The neural induction process; its morphogenetic aspects.

This posthumous review of early embryonic inductions concludes: 1) the amphibian egg has only two distinct components, animal and vegetal. Interactions at their mutual boundary forms meso-endoderm. This is "meso-endoderm induction", not just "mesoderm induction". 2) The dorso-ventral polarity of the yolk mass implies a dorsally situated inducing centre. 3) Accumulation of cells into one, two, three or many cell masses [problastopores] along the circumference of the meso-endoderm results in as many axes, implying a self-organizing capacity of meso-endoderm. 4) Induction of the meso-endoderm is slow, spreading cell to cell through the animal moiety from the boundary of the vegetal yolk mass towards the animal pole. 5) Interaction between mesoderm and ectoderm is a separate step leading to cranio-caudal differentiation of the archenteron roof. 6) The initial invaginating endoderm and mesoderm, representing the future pharynx endoderm and prechordal plate mesoderm, first contacts the most posterior presumptive neurectoderm after having passed the still uninvaginated trunk mesoderm.
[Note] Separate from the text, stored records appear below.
lemma assoc_add:
  "assoc mul (x + y) z w = assoc mul x z w + assoc mul y z w"
  "assoc mul z (x + y) w = assoc mul z x w + assoc mul z y w"
  "assoc mul z w (x + y) = assoc mul z w x + assoc mul z w y"
  by (simp_all add: assoc_def mul_simps)

lemma assoc_scaleR_left: "assoc mul (c *\<^sub>R x) y z = c *\<^sub>R assoc mul x y z"
  by (simp add: assoc_def mul_simps scaleR_diff_right)

lemma assoc_swap_left: "assoc mul x y z = - assoc mul y x z"
proof -
  have "assoc mul x y z + assoc mul y x z = 0"
    using assoc_left_alternative[of "x + y" z] unfolding assoc_add
    by (simp add: assoc_left_alternative add.commute)
  then show ?thesis by (simp add: eq_neg_iff_add_eq_0)
qed

lemma assoc_swap_right: "assoc mul x y z = - assoc mul x z y"
proof -
  have "assoc mul x y z + assoc mul x z y = 0"
    using assoc_right_alternative[of x "y + z"] unfolding assoc_add
    by (simp add: assoc_right_alternative add.commute)
  then show ?thesis by (simp add: eq_neg_iff_add_eq_0)
qed

lemma assoc_flexible: "assoc mul x y x = 0"
  using assoc_swap_right[of x y x] assoc_left_alternative[of x y] by simp

lemma assoc_rotate: "assoc mul x y z = assoc mul y z x"
  using assoc_swap_left[of x y z] assoc_swap_right[of y x z] by simp

lemma teichmueller_identity:
  "assoc mul (w \<star> x) y z - assoc mul w (x \<star> y) z + assoc mul w x (y \<star> z)
     = w \<star> assoc mul x y z + assoc mul w x y \<star> z"
  by (simp add: assoc_def mul_simps)

text \<open>Three instances of the Teichmueller identity, in which alternativity kills all but
  three associators, form a linear system for them.\<close>
lemma assoc_mul_right_twice: "assoc mul a b (b \<star> c) = assoc mul a b c \<star> b"
proof -
  have e1: "assoc mul a b (b \<star> c) + assoc mul (a \<star> b) b c = assoc mul a (b \<star> b) c"
    using teichmueller_identity[of a b b c]
    by (simp add: assoc_left_alternative assoc_right_alternative algebra_simps)
  have e2: "assoc mul a b (b \<star> c) + assoc mul a b (c \<star> b)
      = assoc mul (a \<star> b) b c + assoc mul a b c \<star> b"
    using teichmueller_identity[of a b c b]
      assoc_swap_right[of "a \<star> b" c b] assoc_swap_right[of a "b \<star> c" b] assoc_flexible[of b c]
    by (simp add: algebra_simps)
  have e3: "assoc mul a b (c \<star> b) + assoc mul a b c \<star> b = assoc mul a (b \<star> b) c"
    using teichmueller_identity[of a c b b] assoc_swap_right[of a "c \<star> b" b]
      assoc_swap_right[of a c "b \<star> b"] assoc_swap_right[of a c b]
      assoc_right_alternative[of "a \<star> c" b] assoc_right_alternative[of c b]
    by (simp add: mul_minus_left algebra_simps)
  have solve: "p + p = t + t" if "p + q = r" "p + s = q + t" "s + t = r" for p q r s t :: 'a
  proof -
    have "s = r - t" using that(3) by (simp add: eq_diff_eq)
    have "p + p = (p + q) + (p + s) - q - s" by (simp add: algebra_simps)
    also have "\<dots> = r + (q + t) - q - (r - t)" using that(1,2) \<open>s = r - t\<close> by simp
    also have "\<dots> = t + t" by (simp add: algebra_simps)
    finally show ?thesis .
  qed
  from solve[OF e1 e2 e3] show ?thesis by (rule add_self_cancel)
qed

lemma moufang_left: "((x \<star> y) \<star> x) \<star> z = x \<star> (y \<star> (x \<star> z))"
proof -
  have "((x \<star> y) \<star> x) \<star> z - x \<star> (y \<star> (x \<star> z)) = assoc mul (x \<star> y) x z + assoc mul x y (x \<star> z)"
    by (simp add: assoc_def mul_simps)
  also have "assoc mul x y (x \<star> z) = assoc mul x y z \<star> x"
    using assoc_mul_right_twice[of y x z] assoc_swap_left[of y x z] assoc_swap_left[of y x "x \<star> z"]
    by (simp add: mul_minus_left)
  also have "assoc mul (x \<star> y) x z = - (assoc mul x y z \<star> x)"
    using assoc_mul_right_twice[of z x y] assoc_swap_left[of "x \<star> y" x z]
      assoc_rotate[of x "x \<star> y" z] assoc_rotate[of "x \<star> y" z x] assoc_rotate[of z x y]
      assoc_rotate[of x y z]
    by simp
  finally show ?thesis by simp
qed

end

lemma alt_algebra_opposite: "alt_algebra mul one \<Longrightarrow> alt_algebra (\<lambda>x y. mul y x) one"
  unfolding alt_algebra_def assoc_def by (simp add: eq_neg_iff_add_eq_0)

context alt_algebra
begin

lemma assoc_opposite: "assoc (\<lambda>x y. y \<star> x) x y z = - assoc mul z y x"
  by (simp add: assoc_def)

lemma assoc_mul_left_twice: "assoc mul (c \<star> b) b a = b \<star> assoc mul c b a"
proof -
  interpret opposite: alt_algebra "\<lambda>x y. y \<star> x" one
    by (rule alt_algebra_opposite[OF alt_algebra_axioms])
  from opposite.assoc_mul_right_twice[of a b c] show ?thesis
    by (simp add: assoc_opposite mul_minus_right)
qed

lemma moufang_middle: "(a \<star> b) \<star> (c \<star> a) = (a \<star> (b \<star> c)) \<star> a"
proof -
  have "(a \<star> b) \<star> (c \<star> a) - (a \<star> (b \<star> c)) \<star> a
      = assoc mul a b (c \<star> a) - a \<star> assoc mul b c a - assoc mul a (b \<star> c) a"
    by (simp add: assoc_def mul_simps)
  also have "assoc mul a b (c \<star> a) = a \<star> assoc mul a b c"
    using assoc_mul_left_twice[of c a b] assoc_rotate[of a b "c \<star> a"]
      assoc_rotate[of b "c \<star> a" a] assoc_rotate[of c a b]
    by simp
  also have "assoc mul b c a = assoc mul a b c"
    using assoc_rotate[of a b c] by simp
  finally show ?thesis by (simp add: assoc_flexible)
qed

text \<open>From Moufang, both \<open>L\<^sub>x L\<^sub>y\<close> and \<open>L\<^sub>y L\<^sub>x\<close> are
  idempotent, while left alternativity gives \<open>L\<^sub>x L\<^sub>y + L\<^sub>y L\<^sub>x = 2\<close>.\<close>
lemma inverse_cancel_left:
  assumes xy: "x \<star> y = one" and yx: "y \<star> x = one"
  shows "y \<star> (x \<star> w) = w" "x \<star> (y \<star> w) = w"
proof -
  have sum: "x \<star> (y \<star> v) + y \<star> (x \<star> v) = v + v" for v
  proof -
    have "assoc mul x y v + assoc mul y x v = 0"
      using assoc_swap_left[of x y v] by simp
    then have "v - x \<star> (y \<star> v) + (v - y \<star> (x \<star> v)) = 0"
      using xy yx by (simp only: assoc_def mul_one_left)
    then show ?thesis by (simp add: algebra_simps)
  qed
  have idem_xy: "x \<star> (y \<star> (x \<star> (y \<star> v))) = x \<star> (y \<star> v)" for v
    using moufang_left[of x y "y \<star> v"] xy by (simp add: mul_one_left)
  have idem_yx: "y \<star> (x \<star> (y \<star> (x \<star> v))) = y \<star> (x \<star> v)" for v
    using moufang_left[of y x "x \<star> v"] yx by (simp add: mul_one_left)
  define e where "e = x \<star> (y \<star> w)"
  define f where "f = y \<star> (x \<star> w)"
  have f_eq: "f = w + w - e"
    using sum[of w] unfolding e_def f_def by (simp add: algebra_simps)
  have "x \<star> (y \<star> e) = e" "y \<star> (x \<star> f) = f"
    unfolding e_def f_def by (rule idem_xy, rule idem_yx)
  moreover have "x \<star> (y \<star> f) = e + e - x \<star> (y \<star> e)"
    unfolding f_eq by (simp add: mul_simps e_def)
  ultimately have "y \<star> (x \<star> f) = f + f - e" "y \<star> (x \<star> f) = f"
    using sum[of f] by (simp_all add: algebra_simps)
  then have "f = e" by (simp add: algebra_simps)
  then have "e + e = w + w"
    using sum[of w] by (simp add: e_def f_def)
  then have "e = w" by (rule add_self_cancel)
  with \<open>f = e\<close> show "y \<star> (x \<star> w) = w" "x \<star> (y \<star> w) = w"
    unfolding e_def f_def by simp_all
qed

lemma inverse_cancel_right:
  assumes xy: "x \<star> y = one" and yx: "y \<star> x = one"
  shows "(w \<star> x) \<star> y = w" "(w \<star> y) \<star> x = w"
proof -
  interpret opposite: alt_algebra "\<lambda>x y. y \<star> x" one
    by (rule alt_algebra_opposite[OF alt_algebra_axioms])
  show "(w \<star> x) \<star> y = w" "(w \<star> y) \<star> x = w"
    using opposite.inverse_cancel_left[of y x w] xy yx by simp_all
qed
At that moment an antero-posterior level neural induction actually starts. 7) The ectoderm contraction wave coincides spatially and temporally with the induced neural plate. 8) Two successive homoiogenetic waves of inductive activity pass through the presumptive neurectoderm in the anterior direction, the first one, "activation", giving rise to neural differentiation and ultimately forebrain, the second one, "transformation", to more caudal CNS structures. These are separate, successive steps in CNS regional induction. 9) The midbrain represents a secondary formation in the neural plate. 10) The observed changes in morphogenesis may depend upon separate, successive binary decisions via [cell and] nuclear state splitters [involving differentiation waves].